Missed the memo? Time to get things in order. Improperly classifying your workers could make you liable for back taxes.
If you incorrectly categorize an independent contractor, they may be able to file an unemployment claim against you when their contract ends. Department of Labor requirements can also mean thousands of dollars in fines for accidental misclassification. Intentional or fraudulent misclassification of employees has led to significant fines. No thank you.
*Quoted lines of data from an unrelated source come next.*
lemma parabola_oscillation_le:
  assumes "0 \<le> m" "m \<le> M" "M \<le> 1"
  shows "parabola (clamp_half m M) - min (parabola m) (parabola M) \<le> M - m"
proof -
  have "parabola (clamp_half m M) - parabola e \<le> M - m" if "e \<in> {m..M}" for e
    using parabola_diff_le[OF assms clamp_half_mem[OF assms(2)] that] .
  then show ?thesis using assms by (simp add: min_def)
qed

lemma parabola_oscillation_less:
  assumes "0 \<le> m" "m < M" "M \<le> 1"
  shows "parabola (clamp_half m M) - min (parabola m) (parabola M) < M - m"
proof -
  have "parabola (clamp_half m M) - parabola e < M - m" if "e \<in> {m..M}" for e
    using parabola_diff_less[OF assms clamp_half_mem that] assms(2) by simp
  then show ?thesis using assms by (simp add: min_def)
qed

lemma clamp_half_same: "clamp_half m m = m"
  by (simp add: clamp_half_def)

lemma is_effect_positive_op:
  fixes A :: "'a::complex_inner \<Rightarrow> 'a"
  assumes "is_effect A"
  shows "positive_op A"
proof -
  obtain K where add: "\<And>x y. A (x + y) = A x + A y"
    and scale: "\<And>c x. A (scaleC c x) = scaleC c (A x)" and bound: "\<And>x. norm (A x) \<le> norm x * K"
    using assms unfolding is_effect_def bounded_clinear_def by blast
  have "bounded_linear A"
    by (rule bounded_linear_intro[OF add _ bound]) (simp add: scaleR_scaleC scale)
  moreover have "symmetric_op A"
    using assms by (simp add: is_effect_def symmetric_op_def selfadjoint_def rinner_def)
  moreover have "0 \<le> rinner (A x) x" for x
    using assms by (simp add: is_effect_def rinner_def)
  ultimately show ?thesis by (simp add: positive_op_def)
qed

lemma is_effect_form_le: "is_effect A \<Longrightarrow> rinner (A x) x \<le> (norm x)\<^sup>2"
  by (metis is_effect_def rinner_def rinner_self_eq_norm_sq)

lemma form_ge_onorm_if_onorm_add_compl_le_one:
  assumes "bounded_linear B" and "onorm B + onorm (compl_op B) \<le> 1"
  shows "onorm B * (norm x)\<^sup>2 \<le> rinner (B x) x"
proof -
  have "(norm x)\<^sup>2 - rinner (B x) x = rinner (compl_op B x) x"
    by (simp add: rinner_simps rinner_self_eq_norm_sq)
  also have "\<dots> \<le> onorm (compl_op B) * (norm x)\<^sup>2"
    using assms(1) by (intro form_le_onorm bounded_linear_compl_op)
  also have "\<dots> \<le> (1 - onorm B) * (norm x)\<^sup>2"
    using assms(2) by (intro mult_right_mono) auto
  finally show ?thesis by (simp add: algebra_simps)
qed

locale effect =
  fixes A :: "'a::complex_inner \<Rightarrow> 'a"
  assumes is_effect: "is_effect A"
begin

lemma positive: "positive_op A"
  using is_effect by (rule is_effect_positive_op)

lemma form_le: "rinner (A x) x \<le> (norm x)\<^sup>2"
  using is_effect by (rule is_effect_form_le)

sublocale A: bounded_linear A
  using positive by (simp add: positive_op_def)

lemma symmetric: "symmetric_op A"
  using positive by (simp add: positive_op_def)

lemma rinner_compl: "rinner (x - A x) x = (norm x)\<^sup>2 - rinner (A x) x"
  by (simp add: rinner_simps rinner_self_eq_norm_sq)

lemma positive_compl: "positive_op (compl_op A)"
proof -
  have "symmetric_op (compl_op A)"
    unfolding compl_op_def by (intro symmetric_op_diff symmetric_op_id symmetric)
  then show ?thesis
    using form_le by (simp add: positive_op_def rinner_compl bounded_linear_compl_op A.bounded_linear)
qed

definition upper :: real where
  "upper = onorm A"

definition lower :: real where
  "lower = 1 - onorm (compl_op A)"

lemma W_sigma_eq: "W_sigma A = upper - lower"
  by (simp add: W_sigma_def upper_def lower_def)

lemma upper_nonneg: "0 \<le> upper"
  unfolding upper_def by (rule onorm_pos_le[OF A.bounded_linear])

lemma upper_le_one: "upper \<le> 1"
  unfolding upper_def using positive by (rule onorm_le_of_form_le) (simp_all add: form_le)

lemma lower_nonneg: "0 \<le> lower"
proof -
  have "onorm (compl_op A) \<le> 1"
    using positive_compl
    by (rule onorm_le_of_form_le) (simp_all add: rinner_compl positive_op_form_nonneg[OF positive])
  then show ?thesis by (simp add: lower_def)
qed

lemma lower_le_one: "lower \<le> 1"
  unfolding lower_def using onorm_pos_le[OF bounded_linear_compl_op[OF A.bounded_linear]] by simp

lemma lower_le_upper:
  assumes "(e::'a) \<noteq> 0"
  shows "lower \<le> upper"
  using one_le_onorm_add_onorm_compl_op[OF A.bounded_linear assms] by (simp add: lower_def upper_def)

lemma form_le_upper: "rinner (A x) x \<le> upper * (norm x)\<^sup>2"
  unfolding upper_def by (rule form_le_onorm[OF A.bounded_linear])

lemma lower_le_form: "lower * (norm x)\<^sup>2 \<le> rinner (A x) x"
  using form_le_onorm[OF bounded_linear_compl_op[OF A.bounded_linear], of x]
  by (simp add: lower_def rinner_compl algebra_simps)

lemma form_div_mem: "x \<noteq> 0 \<Longrightarrow> rinner (A x) x / (norm x)\<^sup>2 \<in> {lower..upper}"
  using lower_le_form[of x] form_le_upper[of x] by (simp add: field_simps)

lemma norm_sq_le_form: "(norm (A x))\<^sup>2 \<le> rinner (A x) x"
  using positive_op_norm_sq_le[OF positive zero_le_one] form_le by simp

lemma rinner_shift: "rinner (A x - lower *\<^sub>R x) x = rinner (A x) x - lower * (norm x)\<^sup>2"
  by (simp add: rinner_simps rinner_self_eq_norm_sq)

lemma positive_shift: "positive_op (\<lambda>x. A x - lower *\<^sub>R x)"
  unfolding positive_op_def using lower_le_form
  by (auto simp: rinner_shift intro: bounded_linear_sub A.bounded_linear bounded_linear_scaleR_right
      bounded_linear_ident symmetric_op_diff symmetric symmetric_op_scaleR)

text \<open>This is \<open>(A - m)(M - A) \<ge> 0\<close>, obtained from \<open>0 \<le> A - m \<le> M - m\<close>.\<close>

lemma norm_sq_le_range_bound:
  "(norm (A x))\<^sup>2 \<le> (upper + lower) * rinner (A x) x - upper * lower * (norm x)\<^sup>2"
proof (cases "x = 0")
  case False
  let ?B = "\<lambda>x. A x - lower *\<^sub>R x"
  have "0 \<le> upper - lower" using lower_le_upper[OF False] by simp
  with positive_shift have "(norm (?B x))\<^sup>2 \<le> (upper - lower) * rinner (?B x) x"
    by (rule positive_op_norm_sq_le) (simp add: rinner_shift form_le_upper algebra_simps)
  moreover have "(norm (?B x))\<^sup>2 = (norm (A x))\<^sup>2 - 2 * lower * rinner (A x) x + lower\<^sup>2 * (norm x)\<^sup>2"
  proof -
    have "(norm (?B x))\<^sup>2 = rinner (?B x) (?B x)" by (simp add: rinner_self_eq_norm_sq)
    also have "\<dots> = rinner (A x) (A x) - lower * rinner x (A x) - lower * rinner (A x) x
        + lower * lower * rinner x x"
      by (simp add: rinner_simps algebra_simps)
    finally show ?thesis
      using rinner_commute[of x "A x"] by (simp add: rinner_self_eq_norm_sq power2_eq_square)
  qed
  ultimately show ?thesis by (simp add: rinner_shift algebra_simps power2_eq_square)
qed (simp add: A.zero rinner_self_eq_norm_sq)

definition AA' :: "'a \<Rightarrow> 'a" where
  "AA' = A \<circ> compl_op A"

lemma AA'_apply: "AA' x = A x - A (A x)"
  by (simp add: AA'_def A.diff)

lemma rinner_AA': "rinner (AA' x) x = rinner (A x) x - (norm (A x))\<^sup>2"
  using symmetric by (simp add: AA'_apply rinner_simps rinner_self_eq_norm_sq symmetric_op_def)

lemma D_sigma_eq: "D_sigma A = onorm AA' + onorm (compl_op AA') - 1"
  by (simp add: D_sigma_def AA'_def)

lemma bounded_linear_AA': "bounded_linear AA'"
  unfolding AA'_def comp_def by (intro bounded_linear_compose[OF A.bounded_linear]
      bounded_linear_compl_op A.bounded_linear)

lemma positive_AA': "positive_op AA'"
proof -
  have "symmetric_op AA'"
    using symmetric unfolding AA'_apply[abs_def] by (intro symmetric_op_diff symmetric_op_square)
  then show ?thesis
    using norm_sq_le_form by (simp add: positive_op_def bounded_linear_AA' rinner_AA')
qed

lemma positive_compl_AA': "positive_op (compl_op AA')"
proof -
  have "symmetric_op (compl_op AA')"
    using positive_AA' unfolding compl_op_def
    by (intro symmetric_op_diff symmetric_op_id) (simp add: positive_op_def)
  moreover have "0 \<le> rinner (compl_op AA' x) x" for x
  proof -
    have "rinner (compl_op AA' x) x = (norm x)\<^sup>2 - rinner (A x) x + (norm (A x))\<^sup>2"
      by (simp add: rinner_simps rinner_self_eq_norm_sq rinner_AA')
    with form_le[of x] zero_le_power2[of "norm (A x)"] show ?thesis by linarith
  qed
  ultimately show ?thesis
    by (simp add: positive_op_def bounded_linear_compl_op bounded_linear_AA')
qed

lemma form_AA'_le: "rinner (AA' x) x \<le> parabola (clamp_half lower upper) * (norm x)\<^sup>2"
proof (cases "x = 0")
  case False
  define n where "n = (norm x)\<^sup>2"
  define q where "q = rinner (A x) x"
  have "0 < n" using False by (simp add: n_def)
  have "q\<^sup>2 \<le> (norm (A x))\<^sup>2 * n"
    using rinner_cauchy_schwarz[of "A x" x] positive_op_form_nonneg[OF positive, of x]
    by (simp add: q_def n_def power_mono power_mult_distrib[symmetric])
  then have "rinner (AA' x) x \<le> n * parabola (q / n)"
    using \<open>0 < n\<close> by (simp add: rinner_AA' parabola_def q_def field_simps power2_eq_square)
  also have "\<dots> \<le> n * parabola (clamp_half lower upper)"
    using form_div_mem[OF False] \<open>0 < n\<close>
    by (intro mult_left_mono parabola_le_clamp_half) (simp_all add: q_def n_def)
  finally show ?thesis by (simp add: n_def mult.commute)
qed (simp add: rinner_AA' A.zero rinner_self_eq_norm_sq)

lemma form_AA'_ge: "min (parabola lower) (parabola upper) * (norm x)\<^sup>2 \<le> rinner (AA' x) x"
proof (cases "x = 0")
  case False
  define n where "n = (norm x)\<^sup>2"
  define q where "q = rinner (A x) x"
  have "0 < n" using False by (simp add: n_def)
  have "min (parabola lower) (parabola upper) * n \<le> ((1 - upper - lower) * (q / n) + upper * lower) * n"
    using form_div_mem[OF False] \<open>0 < n\<close>
    by (intro mult_right_mono min_parabola_le_chord) (simp_all add: q_def n_def)
  also have "\<dots> = q - ((upper + lower) * q - upper * lower * n)"
    using \<open>0 < n\<close> by (simp add: field_simps)
  also have "\<dots> \<le> rinner (AA' x) x"
    using norm_sq_le_range_bound[of x] by (simp add: rinner_AA' q_def n_def)
  finally show ?thesis by (simp add: n_def)
qed (simp add: rinner_AA' A.zero rinner_self_eq_norm_sq)

lemma onorm_AA'_le: "onorm AA' \<le> parabola (clamp_half lower upper)"
  using positive_AA' _ form_AA'_le
proof (rule onorm_le_of_form_le)
  show "0 \<le> parabola (clamp_half lower upper)"
    using clamp_half_unit_interval[OF lower_nonneg lower_le_one upper_nonneg upper_le_one]
    by (simp add: parabola_nonneg)
qed

lemma onorm_compl_AA'_le: "onorm (compl_op AA') \<le> 1 - min (parabola lower) (parabola upper)"
  using positive_compl_AA'
proof (rule onorm_le_of_form_le)
  show "0 \<le> 1 - min (parabola lower) (parabola upper)"
    using parabola_le_quarter[of lower] by linarith
  show "rinner (compl_op AA' x) x \<le> (1 - min (parabola lower) (parabola upper)) * (norm x)\<^sup>2" for x
    using form_AA'_ge[of x] by (simp add: rinner_simps rinner_self_eq_norm_sq algebra_simps)
qed

lemma D_sigma_nonneg:
  assumes "(e::'a) \<noteq> 0"
  shows "0 \<le> D_sigma A"
  using one_le_onorm_add_onorm_compl_op[OF bounded_linear_AA' assms] by (simp add: D_sigma_eq)

lemma D_sigma_le:
  "D_sigma A \<le> parabola (clamp_half lower upper) - min (parabola lower) (parabola upper)"
  using onorm_AA'_le onorm_compl_AA'_le by (simp add: D_sigma_eq)

lemma onorm_AA'_le_lower:
  assumes sum_le_one: "onorm AA' + onorm (compl_op AA') \<le> 1"
  shows "onorm AA' \<le> lower"
proof -
  have "onorm (compl_op A) \<le> 1 - onorm AA'"
    using positive_compl
  proof (rule onorm_le_of_form_le)
    show "0 \<le> 1 - onorm AA'"
      using sum_le_one onorm_pos_le[OF bounded_linear_compl_op[OF bounded_linear_AA']] by simp
    show "rinner (compl_op A x) x \<le> (1 - onorm AA') * (norm x)\<^sup>2" for x
    proof -
      have "(1 - onorm AA') * (norm x)\<^sup>2 = (norm x)\<^sup>2 - onorm AA' * (norm x)\<^sup>2"
        by (simp add: algebra_simps)
      then show ?thesis
        using form_ge_onorm_if_onorm_add_compl_le_one[OF bounded_linear_AA' sum_le_one, of x]
          rinner_AA'[of x] rinner_compl[of x] zero_le_power2[of "norm (A x)"]
        unfolding compl_op_apply by linarith
    qed
  qed
  then show ?thesis by (simp add: lower_def)
qed

lemma W_sigma_minus_D_sigma_bounds:
  assumes "(e::'a) \<noteq> 0"
  shows "0 \<le> W_sigma A - D_sigma A" and "W_sigma A - D_sigma A \<le> 1"
  using D_sigma_le D_sigma_nonneg[OF assms] lower_nonneg upper_le_one
    parabola_oscillation_le[OF lower_nonneg lower_le_upper[OF assms] upper_le_one]
  by (simp_all add: W_sigma_eq)

lemma W_sigma_minus_D_sigma_eq_zero_iff:
  assumes "(e::'a) \<noteq> 0"
  shows "W_sigma A - D_sigma A = 0 \<longleftrightarrow> lower = upper"
proof
  assume "W_sigma A - D_sigma A = 0"
  then have "\<not> lower < upper"
    using D_sigma_le parabola_oscillation_less[OF lower_nonneg _ upper_le_one]
    by (force simp: W_sigma_eq)
  then show "lower = upper" using lower_le_upper[OF assms] by simp
next
  assume "lower = upper"
  then show "W_sigma A - D_sigma A = 0"
    using D_sigma_le D_sigma_nonneg[OF assms] by (simp add: W_sigma_eq clamp_half_same)
qed
(* Let $\mathcal{A}$ be a complex Banach algebra with unity and $a\in\mathcal{A}$. The following are equivalent: (1) $a$ is g$\pi$-Hirano invertible; (2) $a-a^{n+1}\in\mathcal{A}^{qnil}$ for some positive integer $n$; (3) $a^{m}-a^{n}\in\mathcal{A}^{qnil}$ for some positive integers $m,n$ with $m\neq n$.
   Context: $\mathcal{A}^{qnil}$ denotes the set of quasinilpotent elements of $\mathcal{A}$, i.e. those $q$ with spectrum $\sigma(q)=\{0\}$. An element $a\in\mathcal{A}$ is g$\pi$-Hirano invertible if there exists $x\in\mathcal{A}$ with $xax=x$, $ax=xa$ and $a-a^{n+2}x\in\mathcal{A}^{qnil}$ for some positive integer $n$. *)

theory Defs
  imports "HOL-Analysis.Analysis"
begin

class complex_banach_algebra_1 = real_normed_algebra_1 + banach +
  fixes scaleC :: "complex \<Rightarrow> 'a \<Rightarrow> 'a"
  assumes scaleC_of_real: "scaleC (complex_of_real r) x = scaleR r x"
    and scaleC_add_right: "scaleC c (x + y) = scaleC c x + scaleC c y"
    and scaleC_add_left: "scaleC (c + d) x = scaleC c x + scaleC d x"
    and scaleC_scaleC: "scaleC c (scaleC d x) = scaleC (c * d) x"
    and scaleC_one: "scaleC 1 x = x"
    and mult_scaleC_left: "scaleC c x * y = scaleC c (x * y)"
    and mult_scaleC_right: "x * scaleC c y = scaleC c (x * y)"
    and norm_scaleC: "norm (scaleC c x) = cmod c * norm x"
3. Sometimes, independent contractors come with more liability.
You hear someone yell, “ouch!” around the corner. One of your employees just got hurt on the job, and you feel terrible. But if you correctly categorize them things probably won’t be so dire. How they’ll be able to recover often depends on their status, and in many cases, employees are the only ones who can receive workers’ compensation. Independent contractors, though, may be able to sue you under certain conditions, so make sure your workers’ comp policy covers anyone who is working for you, regardless of classification.
4. Employees are subject to different work expectations.
Some industries, like health care and education, are a jungle gym of rules and regulations that can have a real impact on your employees’ lives. This isn’t true across the employment spectrum, but if you’re in a highly specialized or professional industry, you may need to document additional rules surrounding the work your employees do.
What happens if I misclassify an employee as a contractor?
When hiring an employee can cost 25-30% more than hiring an independent contractor, it’s clear to see the employer benefit to hiring independent contractors. Government figures estimate 25-30% of all employees are misclassified as independent contractors.
But regardless of whether the misclassification was intentional or unintentional, your business could face serious legal and financial consequences for doing so. This could include reimbursement for unpaid wages, including overtime wages, paying the individual’s workers’ compensation benefits, retirement contributions, employee benefits, Medicare and Social Security contributions, unemployment insurance, health insurance, and any other employee-related costs like back taxes and any applicable penalties for state and federal income taxes.
You may even be subject to a lawsuit in federal court, under certain circumstances. So just don’t do it.
When it comes to worker classification, the best thing you can do is be proactive, not reactive. Rather than waiting for a potentially precarious situation to occur, you should make it clear to your workers exactly how they will be classified from the start — and make sure their roles stay within the definitions provided by the IRS.